The other issue is with the spikes generated by CoreNEURON
. In all of the above cases CoreNEURON
generates the same spikes with NEURON
in the beginning but then after a timestep spikes start to shift in time. For example:
bash-4.2$ srun -n 4 ./x86_64/special -mpi -c use_coreneuron=1 -c nthread=9 -c mytstop=100 init.hoc
bash-4.2$ sort -n -k'1,1' -k2 < out.dat | awk 'NR==1 { print; next } { printf "%.3f\t%d\n", $1, $2 }' > out4.cn.sorted
bash-4.2$ sdiff -s out4.sorted out4.cn.sorted
bash-4.2$ sdiff -s out4.sorted out4.cn.sorted | more
> 5.900 160
> 6.050 176
> 6.050 180
6.750 160 <
6.750 176 <
6.825 180 <
6.925 188 <
> 6.950 188
6.975 168 <
> 7.000 168
> 7.375 287
7.400 287 <
> 7.550 290
7.575 290 <
...
I am using my fork of nrntraub
and the branch icei
from here which includes the change in the delay and allows the selection of the number of threads
when more than 1 MPI ranks
are used.
Are the issues mentioned before related to the thread implementation or there is something going on with the test?
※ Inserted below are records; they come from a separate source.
lemma private_parity_paths:
  assumes S: "S \<subseteq> {..<n}" "card S = k" and big: "8 * k * l + 2 * k \<le> n"
  obtains P :: "nat \<Rightarrow> nat \<Rightarrow> nat" where
    "\<And>t. t < l \<Longrightarrow> inj_on (P t) {..<4 * k}"
    "\<And>t j. t < l \<Longrightarrow> j < 4 * k \<Longrightarrow> P t j < n \<and> P t j mod 2 = j div 2 mod 2"
    "\<And>t. S \<subseteq> P t ` {..<4 * k}"
    "\<And>t j. t < l \<Longrightarrow> j < 4 * k \<Longrightarrow> odd j \<Longrightarrow> P t j \<notin> S"
    "\<And>t t'. t < l \<Longrightarrow> t' < l \<Longrightarrow> t \<noteq> t' \<Longrightarrow> P t ` {..<4 * k} \<inter> P t' ` {..<4 * k} \<subseteq> S"
proof -
  have "finite S" using S(1) finite_subset by blast
  define ss where "ss = sorted_list_of_set S"
  have ss: "distinct ss" "set ss = S" "length ss = k" using S \<open>finite S\<close> by (simp_all add: ss_def)
  define L where "L = 4 * k"
  let ?I = "{..<l} \<times> {..<L}"
  have "2 * (card ?I + card S) \<le> n" using S big by (simp add: L_def algebra_simps)
  then have "card ?I + card S \<le> n div 2" by (metis div_le_mono nonzero_mult_div_cancel_left zero_neq_numeral)
  then obtain F where F_inj: "inj_on F ?I"
    and F: "\<And>i. i \<in> ?I \<Longrightarrow> F i < n \<and> F i \<notin> S \<and> F i mod 2 = snd i div 2 mod 2"
    using fresh_vertices_with_parity[of ?I S n "\<lambda>i. snd i div 2 mod 2"] \<open>finite S\<close> by auto
  define P where "P t = parity_path ss (\<lambda>j. F (t, j))" for t
  have P_cases: "P t j \<in> S \<or> P t j = F (t, j)" if "j < L" for t j
    using that ss(2,3) by (auto simp: P_def L_def parity_path_def)
  show ?thesis
  proof (rule that[of P, folded L_def])
    fix t assume t: "t < l"
    have "inj_on (\<lambda>j. F (t, j)) {..<L}"
      using t by (intro inj_onI) (auto dest: inj_onD[OF F_inj])
    with inj_on_parity_path[OF ss(1)] F t show "inj_on (P t) {..<L}"
      by (simp add: P_def L_def ss)
    fix j assume j: "j < L"
    show "P t j < n \<and> P t j mod 2 = j div 2 mod 2"
      using P_cases[OF j, of t] F t j S(1) parity_path_mod_2[of ss "\<lambda>j. F (t, j)"]
      by (auto simp: P_def L_def ss(3))
    show "odd j \<Longrightarrow> P t j \<notin> S"
      using F t j by (simp add: P_def parity_path_odd)
  next
    fix t
    show "S \<subseteq> P t ` {..<L}"
      using set_subset_parity_path[of ss] ss by (simp add: P_def L_def)
  next
    fix t t' assume t: "t < l" "t' < l" "t \<noteq> t'"
    show "P t ` {..<L} \<inter> P t' ` {..<L} \<subseteq> S"
    proof
      fix x assume "x \<in> P t ` {..<L} \<inter> P t' ` {..<L}"
      then obtain j j' where j: "j < L" "j' < L" "x = P t j" "x = P t' j'" by auto
      show "x \<in> S"
      proof (rule ccontr)
        assume "x \<notin> S"
        then have "F (t, j) = F (t', j')" using P_cases[OF j(1), of t] P_cases[OF j(2), of t'] j by auto
        then have "(t, j) = (t', j')" using inj_onD[OF F_inj] t j(1,2) by blast
        with t(3) show False by simp
      qed
    qed
  qed
qed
Any help would be greatly appreciated.
Thank you very much, Ioannis
@nrnhines : Similar to olfactory bulb model, do you think the above described issue might be with the model itself? In that case I will go ahead and use whatever baseline model provide with X mpi ranks and Y threads per mpi thread.
Discrepancies between NEURON and CoreNEURON in this situation are presumptively bugs. I assume there is no intra-NEURON or intra CoreNEURON differences on this time scale with different nhost and nthread.